**About this exercise:**
Extract each line of the records below that contains the word "exists".
= = = = =
(* Let $F$ and $G$ be objects in $\overline{\mathrm{Pro}}(\mathcal{C})$. Then every connected component of the poset of 1-morphisms from $F$ to $G$ (that is, every morphism from $F$ to $G$ in $\overline{\mathrm{Pro}}(\mathcal{C})$) is directed.
   Context: Let $\mathcal{C}$ be a category. Objects of $\overline{\mathrm{Pro}}(\mathcal{C})$ are diagrams $F:A\to\mathcal{C}$ with $A$ a cofinite directed poset of infinite height (poset as category with $u\to v$ iff $u\ge v$; cofinite: each $\{z\le x\}$ finite; infinite height: every element has a strictly larger one). A 1-morphism $F^A\to G^B$ is a pair $(\alpha,\phi)$ with $\alpha:B\to A$ strictly increasing and $\phi:F\circ\alpha\to G$ a natural transformation; 1-morphisms are partially ordered by $(\alpha',\phi')\geq(\alpha,\phi)$ iff $\alpha'(b)\ge\alpha(b)$ and $\phi'_b=\phi_b\circ F(\alpha'(b)\to\alpha(b))$ for all $b\in B$. Morphisms $F\to G$ in $\overline{\mathrm{Pro}}(\mathcal{C})$ are the connected components of this poset. *)

theory Defs
  imports Main
begin

record ('o,'m) cat =
  Ob  :: "'o set"
  Hom :: "'o \<Rightarrow> 'o \<Rightarrow> 'm set"
  cmp :: "'m \<Rightarrow> 'm \<Rightarrow> 'm"
  idm :: "'o \<Rightarrow> 'm"

definition category :: "('o,'m) cat \<Rightarrow> bool" where
  "category C \<longleftrightarrow>
     (\<forall>x\<in>Ob C. idm C x \<in> Hom C x x) \<and>
     (\<forall>x\<in>Ob C. \<forall>y\<in>Ob C. \<forall>z\<in>Ob C. \<forall>f\<in>Hom C x y. \<forall>g\<in>Hom C y z. cmp C g f \<in> Hom C x z) \<and>
     (\<forall>x\<in>Ob C. \<forall>y\<in>Ob C. \<forall>f\<in>Hom C x y. cmp C f (idm C x) = f \<and> cmp C (idm C y) f = f) \<and>
     (\<forall>w\<in>Ob C. \<forall>x\<in>Ob C. \<forall>y\<in>Ob C. \<forall>z\<in>Ob C. \<forall>f\<in>Hom C w x. \<forall>g\<in>Hom C x y. \<forall>h\<in>Hom C y z.
        cmp C h (cmp C g f) = cmp C (cmp C h g) f)"

text \<open>A diagram: index set with order relation dle, and a functor from the poset
  (viewed as a category with an arrow u \<rightarrow> v iff u \<ge> v) to C.
  arr D u v is the image of the arrow u \<rightarrow> v (for dle D v u).\<close>

record ('a,'o,'m) diag =
  Idx :: "'a set"
  dle :: "'a \<Rightarrow> 'a \<Rightarrow> bool"
  obj :: "'a \<Rightarrow> 'o"
  arr :: "'a \<Rightarrow> 'a \<Rightarrow> 'm"

definition dless :: "('a,'o,'m) diag \<Rightarrow> 'a \<Rightarrow> 'a \<Rightarrow> bool" where
  "dless D u v \<longleftrightarrow> dle D u v \<and> u \<noteq> v"

definition partial_order_on' :: "'a set \<Rightarrow> ('a \<Rightarrow> 'a \<Rightarrow> bool) \<Rightarrow> bool" where
  "partial_order_on' A le \<longleftrightarrow>
     (\<forall>x\<in>A. le x x) \<and>
     (\<forall>x\<in>A. \<forall>y\<in>A. le x y \<and> le y x \<longrightarrow> x = y) \<and>
     (\<forall>x\<in>A. \<forall>y\<in>A. \<forall>z\<in>A. le x y \<and> le y z \<longrightarrow> le x z)"

definition directed_on :: "'a set \<Rightarrow> ('a \<Rightarrow> 'a \<Rightarrow> bool) \<Rightarrow> bool" where
  "directed_on S le \<longleftrightarrow> S \<noteq> {} \<and> (\<forall>x\<in>S. \<forall>y\<in>S. \<exists>z\<in>S. le x z \<and> le y z)"

definition cofinite_directed_infinite_height :: "'a set \<Rightarrow> ('a \<Rightarrow> 'a \<Rightarrow> bool) \<Rightarrow> bool" where
  "cofinite_directed_infinite_height A le \<longleftrightarrow>
     partial_order_on' A le \<and> directed_on A le \<and>
     (\<forall>x\<in>A. finite {z\<in>A. le z x}) \<and>
     (\<forall>x\<in>A. \<exists>y\<in>A. le x y \<and> x \<noteq> y)"

definition diagram :: "('o,'m) cat \<Rightarrow> ('a,'o,'m) diag \<Rightarrow> bool" where
  "diagram C D \<longleftrightarrow>
     (\<forall>u\<in>Idx D. obj D u \<in> Ob C) \<and>
     (\<forall>u\<in>Idx D. \<forall>v\<in>Idx D. dle D v u \<longrightarrow> arr D u v \<in> Hom C (obj D u) (obj D v)) \<and>
     (\<forall>u\<in>Idx D. arr D u u = idm C (obj D u)) \<and>
     (\<forall>u\<in>Idx D. \<forall>v\<in>Idx D. \<forall>w\<in>Idx D. dle D v u \<and> dle D w v \<longrightarrow>
        cmp C (arr D v w) (arr D u v) = arr D u w)"

definition pro_obj :: "('o,'m) cat \<Rightarrow> ('a,'o,'m) diag \<Rightarrow> bool" where
  "pro_obj C D \<longleftrightarrow> cofinite_directed_infinite_height (Idx D) (dle D) \<and> diagram C D"

definition one_mor ::
  "('o,'m) cat \<Rightarrow> ('a,'o,'m) diag \<Rightarrow> ('b,'o,'m) diag \<Rightarrow> ('b \<Rightarrow> 'a) \<times> ('b \<Rightarrow> 'm) \<Rightarrow> bool" where
  "one_mor C F G m \<longleftrightarrow> (case m of (\<alpha>, \<phi>) \<Rightarrow>
     (\<forall>b\<in>Idx G. \<alpha> b \<in> Idx F) \<and>
     (\<forall>b\<in>Idx G. \<forall>b'\<in>Idx G. dless G b b' \<longrightarrow> dless F (\<alpha> b) (\<alpha> b')) \<and>
     (\<forall>b\<in>Idx G. \<phi> b \<in> Hom C (obj F (\<alpha> b)) (obj G b)) \<and>
     (\<forall>b\<in>Idx G. \<forall>b'\<in>Idx G. dle G b' b \<longrightarrow>
        cmp C (arr G b b') (\<phi> b) = cmp C (\<phi> b') (arr F (\<alpha> b) (\<alpha> b'))))"

definition mor_le ::
  "('o,'m) cat \<Rightarrow> ('a,'o,'m) diag \<Rightarrow> ('b,'o,'m) diag \<Rightarrow>
   ('b \<Rightarrow> 'a) \<times> ('b \<Rightarrow> 'm) \<Rightarrow> ('b \<Rightarrow> 'a) \<times> ('b \<Rightarrow> 'm) \<Rightarrow> bool" where
  "mor_le C F G m m' \<longleftrightarrow> (case m of (\<alpha>, \<phi>) \<Rightarrow> case m' of (\<alpha>', \<phi>') \<Rightarrow>
     (\<forall>b\<in>Idx G. dle F (\<alpha> b) (\<alpha>' b) \<and> \<phi>' b = cmp C (\<phi> b) (arr F (\<alpha>' b) (\<alpha> b))))"

definition mor_connected ::
  "('o,'m) cat \<Rightarrow> ('a,'o,'m) diag \<Rightarrow> ('b,'o,'m) diag \<Rightarrow>
   ('b \<Rightarrow> 'a) \<times> ('b \<Rightarrow> 'm) \<Rightarrow> ('b \<Rightarrow> 'a) \<times> ('b \<Rightarrow> 'm) \<Rightarrow> bool" where
  "mor_connected C F G = (\<lambda>m m'. one_mor C F G m \<and> one_mor C F G m' \<and>
      (mor_le C F G m m' \<or> mor_le C F G m' m))\<^sup>*\<^sup>*"

definition mor_components ::
  "('o,'m) cat \<Rightarrow> ('a,'o,'m) diag \<Rightarrow> ('b,'o,'m) diag \<Rightarrow> (('b \<Rightarrow> 'a) \<times> ('b \<Rightarrow> 'm)) set set" where
  "mor_components C F G =
     {{m'. mor_connected C F G m m'} | m. one_mor C F G m}"

end

theory Submission
  imports Defs
begin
= = = = =
**Response to this exercise:**
  "directed_on S le \<longleftrightarrow> S \<noteq> {} \<and> (\<forall>x\<in>S. \<forall>y\<in>S. \<exists>z\<in>S. le x z \<and> le y z)"
     (\<forall>x\<in>A. \<exists>y\<in>A. le x y \<and> x \<noteq> y)"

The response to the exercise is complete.